Currently, the Public Employee Retirement System board expects the unfunded liability to be paid off in 20 years, but the state could find a way to encourage local employers to pay more money sooner.

“The concept is you contribute to your own unfunded liability … so this is not about someone taking your resources for something else,” said task force chair Donald Blair, a former Nike executive. “It’s about taking your resources to help solve your PERS problem.”

Local entities could do this by making spending cuts elsewhere, increasing taxes or reducing the amount of cash they keep in reserve.

Some task force members have suggested the state could match a certain percentage of entities’ contributions or create disincentives for entities that don’t participate and for those that don’t have a solid plan to pay down their unfunded liability.

But this may be difficult to design, so as not to impact vital services such as health care and education in organizations that don’t have the means to aggressively pay down their liabilities, said task force member Rick Miller, founder and chairman of the Avamere Group and a co-founder of private equity firm Rogue Venture Partners.

“There are just some institutions that are so vital and don’t have the ability to really have a meaningful impact on paying down this liability without help,” Miller said. “And I would hate to see those kinds of organizations, necessary services that impact on a future generation through a disincentive plan.”

But members pointed out such a program would need teeth to encourage agencies to make a good-faith effort.

“I think the problem is that today’s needs will always, always overwhelm tomorrow’s needs,” said Cory Streisinger, a task force member and the former director of the Department of Consumer and Business Services. “And all it does is increase political pressure to, quote, ‘do something’ about the problem.

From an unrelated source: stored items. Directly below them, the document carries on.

(* Let $\mathcal{C}$ be a peircean bicategory. For every arrow $c:X\to Y$, $(\neg c)^\dagger=\neg(c^\dagger)$.
   Context: Composition in diagrammatic order. A cartesian bicategory is a poset-enriched symmetric monoidal category with, for each $X$, commutative comonoid $(\mathrm{copy}_X,\mathrm{disc}_X)$ and monoid $(\mathrm{cocopy}_X,\mathrm{codisc}_X)$ forming special Frobenius bimonoids, comonoid left adjoint to monoid, every arrow $c$ satisfying $c;\mathrm{copy}\le\mathrm{copy};(c\otimes c)$ and $c;\mathrm{disc}\le\mathrm{disc}$, with standard coherence. A map is an arrow $f$ with $f;\mathrm{copy}=\mathrm{copy};(f\otimes f)$ and $f;\mathrm{disc}=\mathrm{disc}$. A peircean bicategory is a cartesian bicategory whose homsets carry Boolean algebras (with the given order) such that $f;\neg c=\neg(f;c)$ for every map $f:X\to Y$ and arrow $c:Y\to Z$. The converse of $c:X\to Y$ is $c^\dagger=(\mathrm{id}_Y\otimes(\mathrm{codisc}_X;\mathrm{copy}_X));(\mathrm{id}_Y\otimes c\otimes\mathrm{id}_X);((\mathrm{cocopy}_Y;\mathrm{disc}_Y)\otimes\mathrm{id}_X):Y\to X$. *)

theory Defs
  imports Main
begin

text \<open>Composition is diagrammatic: seq C f g = f ; g (first f, then g).
  The symmetric monoidal structure is taken to be strict.\<close>

record ('o, 'a) pbicat =
  arr    :: "'a \<Rightarrow> bool"
  dom    :: "'a \<Rightarrow> 'o"
  cod    :: "'a \<Rightarrow> 'o"
  seq    :: "'a \<Rightarrow> 'a \<Rightarrow> 'a"
  idt    :: "'o \<Rightarrow> 'a"
  otim   :: "'o \<Rightarrow> 'o \<Rightarrow> 'o"
  unito  :: "'o"
  tens   :: "'a \<Rightarrow> 'a \<Rightarrow> 'a"
  sym    :: "'o \<Rightarrow> 'o \<Rightarrow> 'a"
  le     :: "'a \<Rightarrow> 'a \<Rightarrow> bool"
  meet   :: "'a \<Rightarrow> 'a \<Rightarrow> 'a"
  join   :: "'a \<Rightarrow> 'a \<Rightarrow> 'a"
  top    :: "'o \<Rightarrow> 'o \<Rightarrow> 'a"
  bot    :: "'o \<Rightarrow> 'o \<Rightarrow> 'a"
  neg    :: "'a \<Rightarrow> 'a"
  copy   :: "'o \<Rightarrow> 'a"
  disc   :: "'o \<Rightarrow> 'a"
  cocopy :: "'o \<Rightarrow> 'a"
  codisc :: "'o \<Rightarrow> 'a"

definition hom :: "('o, 'a, 'z) pbicat_scheme \<Rightarrow> 'o \<Rightarrow> 'o \<Rightarrow> 'a set" where
  "hom C X Y = {c. arr C c \<and> dom C c = X \<and> cod C c = Y}"

definition category :: "('o, 'a, 'z) pbicat_scheme \<Rightarrow> bool" where
  "category C \<longleftrightarrow>
     (\<forall>X. idt C X \<in> hom C X X)
   \<and> (\<forall>f g. arr C f \<and> arr C g \<and> cod C f = dom C g \<longrightarrow>
        seq C f g \<in> hom C (dom C f) (cod C g))
   \<and> (\<forall>f. arr C f \<longrightarrow> seq C (idt C (dom C f)) f = f \<and> seq C f (idt C (cod C f)) = f)
   \<and> (\<forall>f g h. arr C f \<and> arr C g \<and> arr C h \<and> cod C f = dom C g \<and> cod C g = dom C h \<longrightarrow>
        seq C (seq C f g) h = seq C f (seq C g h))"

definition strict_symmetric_monoidal :: "('o, 'a, 'z) pbicat_scheme \<Rightarrow> bool" where
  "strict_symmetric_monoidal C \<longleftrightarrow>
     category C
   \<and> (\<forall>X Y Z. otim C X (otim C Y Z) = otim C (otim C X Y) Z)
   \<and> (\<forall>X. otim C (unito C) X = X \<and> otim C X (unito C) = X)
   \<and> (\<forall>f g. arr C f \<and> arr C g \<longrightarrow>
        tens C f g \<in> hom C (otim C (dom C f) (dom C g)) (otim C (cod C f) (cod C g)))
   \<and> (\<forall>X Y. tens C (idt C X) (idt C Y) = idt C (otim C X Y))
   \<and> (\<forall>f g h k. arr C f \<and> arr C g \<and> arr C h \<and> arr C k \<and> cod C f = dom C g \<and> cod C h = dom C k
        \<longrightarrow> tens C (seq C f g) (seq C h k) = seq C (tens C f h) (tens C g k))
   \<and> (\<forall>f g h. arr C f \<and> arr C g \<and> arr C h \<longrightarrow> tens C (tens C f g) h = tens C f (tens C g h))
   \<and> (\<forall>f. arr C f \<longrightarrow> tens C (idt C (unito C)) f = f \<and> tens C f (idt C (unito C)) = f)
   \<and> (\<forall>X Y. sym C X Y \<in> hom C (otim C X Y) (otim C Y X))
   \<and> (\<forall>f g. arr C f \<and> arr C g \<longrightarrow>
        seq C (tens C f g) (sym C (cod C f) (cod C g)) = seq C (sym C (dom C f) (dom C g)) (tens C g f))
   \<and> (\<forall>X Y. seq C (sym C X Y) (sym C Y X) = idt C (otim C X Y))
   \<and> (\<forall>X Y Z. sym C X (otim C Y Z) =
        seq C (tens C (sym C X Y) (idt C Z)) (tens C (idt C Y) (sym C X Z)))"

definition poset_enriched :: "('o, 'a, 'z) pbicat_scheme \<Rightarrow> bool" where
  "poset_enriched C \<longleftrightarrow>
     (\<forall>f g. le C f g \<longrightarrow> arr C f \<and> arr C g \<and> dom C f = dom C g \<and> cod C f = cod C g)
   \<and> (\<forall>f. arr C f \<longrightarrow> le C f f)
   \<and> (\<forall>f g. le C f g \<and> le C g f \<longrightarrow> f = g)
   \<and> (\<forall>f g h. le C f g \<and> le C g h \<longrightarrow> le C f h)
   \<and> (\<forall>f f' g g'. le C f f' \<and> le C g g' \<and> cod C f = dom C g \<longrightarrow> le C (seq C f g) (seq C f' g'))
   \<and> (\<forall>f f' g g'. le C f f' \<and> le C g g' \<longrightarrow> le C (tens C f g) (tens C f' g'))"

definition cartesian_bicategory :: "('o, 'a, 'z) pbicat_scheme \<Rightarrow> bool" where
  "cartesian_bicategory C \<longleftrightarrow>
     strict_symmetric_monoidal C \<and> poset_enriched C
   \<and> (\<forall>X. copy C X \<in> hom C X (otim C X X) \<and> disc C X \<in> hom C X (unito C)
        \<and> cocopy C X \<in> hom C (otim C X X) X \<and> codisc C X \<in> hom C (unito C) X)
   \<comment> \<open>commutative comonoid\<close>
   \<and> (\<forall>X. seq C (copy C X) (tens C (copy C X) (idt C X)) = seq C (copy C X) (tens C (idt C X) (copy C X))
        \<and> seq C (copy C X) (tens C (disc C X) (idt C X)) = idt C X
        \<and> seq C (copy C X) (tens C (idt C X) (disc C X)) = idt C X
        \<and> seq C (copy C X) (sym C X X) = copy C X)
   \<comment> \<open>commutative monoid\<close>
   \<and> (\<forall>X. seq C (tens C (cocopy C X) (idt C X)) (cocopy C X) = seq C (tens C (idt C X) (cocopy C X)) (cocopy C X)
        \<and> seq C (tens C (codisc C X) (idt C X)) (cocopy C X) = idt C X
        \<and> seq C (tens C (idt C X) (codisc C X)) (cocopy C X) = idt C X
        \<and> seq C (sym C X X) (cocopy C X) = cocopy C X)
   \<comment> \<open>special Frobenius\<close>
   \<and> (\<forall>X. seq C (tens C (copy C X) (idt C X)) (tens C (idt C X) (cocopy C X)) = seq C (cocopy C X) (copy C X)
        \<and> seq C (tens C (idt C X) (copy C X)) (tens C (cocopy C X) (idt C X)) = seq C (cocopy C X) (copy C X)
        \<and> seq C (copy C X) (cocopy C X) = idt C X)
   \<comment> \<open>comonoid left adjoint to monoid\<close>
   \<and> (\<forall>X. le C (idt C X) (seq C (copy C X) (cocopy C X))
        \<and> le C (seq C (cocopy C X) (copy C X)) (idt C (otim C X X))
        \<and> le C (idt C X) (seq C (disc C X) (codisc C X))
        \<and> le C (seq C (codisc C X) (disc C X)) (idt C (unito C)))
   \<comment> \<open>every arrow is a lax comonoid morphism\<close>
   \<and> (\<forall>c. arr C c \<longrightarrow>
        le C (seq C c (copy C (cod C c))) (seq C (copy C (dom C c)) (tens C c c))
      \<and> le C (seq C c (disc C (cod C c))) (disc C (dom C c)))
   \<comment> \<open>coherence with the monoidal structure\<close>
   \<and> (\<forall>X Y. copy C (otim C X Y) =
          seq C (tens C (copy C X) (copy C Y)) (tens C (tens C (idt C X) (sym C X Y)) (idt C Y))
        \<and> disc C (otim C X Y) = tens C (disc C X) (disc C Y)
        \<and> cocopy C (otim C X Y) =
          seq C (tens C (tens C (idt C X) (sym C Y X)) (idt C Y)) (tens C (cocopy C X) (cocopy C Y))
        \<and> codisc C (otim C X Y) = tens C (codisc C X) (codisc C Y))
   \<and> copy C (unito C) = idt C (unito C) \<and> disc C (unito C) = idt C (unito C)
   \<and> cocopy C (unito C) = idt C (unito C) \<and> codisc C (unito C) = idt C (unito C)"

definition boolean_homs :: "('o, 'a, 'z) pbicat_scheme \<Rightarrow> bool" where
  "boolean_homs C \<longleftrightarrow> (\<forall>X Y.
       top C X Y \<in> hom C X Y \<and> bot C X Y \<in> hom C X Y
     \<and> (\<forall>h\<in>hom C X Y. le C h (top C X Y) \<and> le C (bot C X Y) h)
     \<and> (\<forall>f\<in>hom C X Y. \<forall>g\<in>hom C X Y.
          meet C f g \<in> hom C X Y \<and> join C f g \<in> hom C X Y
        \<and> le C (meet C f g) f \<and> le C (meet C f g) g
        \<and> le C f (join C f g) \<and> le C g (join C f g)
        \<and> (\<forall>h\<in>hom C X Y. le C h f \<and> le C h g \<longrightarrow> le C h (meet C f g))
        \<and> (\<forall>h\<in>hom C X Y. le C f h \<and> le C g h \<longrightarrow> le C (join C f g) h)
        \<and> (\<forall>h\<in>hom C X Y. meet C f (join C g h) = join C (meet C f g) (meet C f h)))
     \<and> (\<forall>f\<in>hom C X Y. neg C f \<in> hom C X Y
        \<and> meet C f (neg C f) = bot C X Y \<and> join C f (neg C f) = top C X Y))"

definition is_map :: "('o, 'a, 'z) pbicat_scheme \<Rightarrow> 'a \<Rightarrow> bool" where
  "is_map C f \<longleftrightarrow> arr C f
     \<and> seq C f (copy C (cod C f)) = seq C (copy C (dom C f)) (tens C f f)
     \<and> seq C f (disc C (cod C f)) = disc C (dom C f)"

definition peircean_bicategory :: "('o, 'a, 'z) pbicat_scheme \<Rightarrow> bool" where
  "peircean_bicategory C \<longleftrightarrow> cartesian_bicategory C \<and> boolean_homs C
     \<and> (\<forall>f c. is_map C f \<and> arr C c \<and> cod C f = dom C c \<longrightarrow>
           seq C f (neg C c) = neg C (seq C f c))"

definition conv :: "('o, 'a, 'z) pbicat_scheme \<Rightarrow> 'a \<Rightarrow> 'a" where
  "conv C c = (let X = dom C c; Y = cod C c in
     seq C (seq C (tens C (idt C Y) (seq C (codisc C X) (copy C X)))
                  (tens C (tens C (idt C Y) c) (idt C X)))
           (tens C (seq C (cocopy C Y) (disc C Y)) (idt C X)))"

end

theory Submission
  imports Defs
begin

(* With cup X = codisc X ; copy X and cap X = cocopy X ; disc X, the converse of c bends the
   wires of c with a cup on one side and a cap on the other. Bending them the opposite way gives
   a second operation left_conv, and the snake equations, which follow from the Frobenius and
   (co)unit laws, make conv and left_conv mutually inverse between hom X Y and hom Y X. Both are
   monotone by the poset enrichment, so conv is an order isomorphism between two Boolean
   algebras and therefore preserves complements. *)

locale poset_enriched_cat =
  fixes C :: "('o, 'a, 'z) pbicat_scheme"
  assumes poset_enriched: "poset_enriched C"
begin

It does not affect current behavior unless there is a financial lever to affect that behavior.”

While devoting a greater share of agency budgets to PERS costs could mean even tighter budgets for public employers, paying it down more quickly could mitigate the “global” impact to the state’s financial health, Furnstahl said.

The group could also recommend changes to the rate collar, a practice that spreads out increases in annual PERS costs so as to avoid dramatic rate spikes from year to year.

The advisory group’s final report is due to the governor Nov. 1, about three months before the Legislature convenes for a short 35-day session.

Because they have to do with how the state deals with its money, many of the group’s ideas would require approval by the legislature.